[Source information — start]
definition sig1 :: "nat \<Rightarrow> (nat \<Rightarrow> real) \<Rightarrow> nat \<Rightarrow> int \<Rightarrow> real" where
  "sig1 n r i m = (if 0 \<le> m \<and> m \<le> int n - 1
      then (-1) ^ nat m * coeff (\<Prod>l\<in>{1..n} - {i}. [:- r l, 1:]) (n - 1 - nat m) else 0)"

definition sig2 :: "nat \<Rightarrow> (nat \<Rightarrow> real) \<Rightarrow> nat \<Rightarrow> nat \<Rightarrow> int \<Rightarrow> real" where
  "sig2 n r i j m = (if 0 \<le> m \<and> m \<le> int n - 2
      then (-1) ^ nat m * coeff (\<Prod>l\<in>{1..n} - {i, j}. [:- r l, 1:]) (n - 2 - nat m) else 0)"

definition btil :: "nat \<Rightarrow> (nat \<Rightarrow> real) \<Rightarrow> (nat \<Rightarrow> real) \<Rightarrow> (nat \<Rightarrow> real) \<Rightarrow> nat \<Rightarrow> real \<Rightarrow> real" where
  "btil n e r xp k a = (-1) ^ k *
     (\<Sum>i=1..n. xp i / sqrt (Delta e r i a) * sig1 n r i (int k - 1))"

definition ctil :: "nat \<Rightarrow> (nat \<Rightarrow> real) \<Rightarrow> (nat \<Rightarrow> real) \<Rightarrow> (nat \<Rightarrow> real) \<Rightarrow> nat \<Rightarrow> real \<Rightarrow> real" where
  "ctil n e r xp k a = (-1) ^ (k + 1) / 2 *
     ((\<Sum>i=1..n. (xp i)\<^sup>2 / Delta e r i a * sig1 n r i (int k - 1))
      + (\<Sum>i\<in>{1..n}. \<Sum>j\<in>{1..n} - {i}.
           xp i * xp j / sqrt (Delta e r i a * Delta e r j a)
           * (sig2 n r i j (int k - 1) + a * sig2 n r i j (int k - 2))))"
[Source information — finish]
Task prompt :: In the data above, which lines have "where"? Report each of them.

Result of the exercise ::
definition sig1 :: "nat \<Rightarrow> (nat \<Rightarrow> real) \<Rightarrow> nat \<Rightarrow> int \<Rightarrow> real" where
definition sig2 :: "nat \<Rightarrow> (nat \<Rightarrow> real) \<Rightarrow> nat \<Rightarrow> nat \<Rightarrow> int \<Rightarrow> real" where
definition btil :: "nat \<Rightarrow> (nat \<Rightarrow> real) \<Rightarrow> (nat \<Rightarrow> real) \<Rightarrow> (nat \<Rightarrow> real) \<Rightarrow> nat \<Rightarrow> real \<Rightarrow> real" where
definition ctil :: "nat \<Rightarrow> (nat \<Rightarrow> real) \<Rightarrow> (nat \<Rightarrow> real) \<Rightarrow> (nat \<Rightarrow> real) \<Rightarrow> nat \<Rightarrow> real \<Rightarrow> real" where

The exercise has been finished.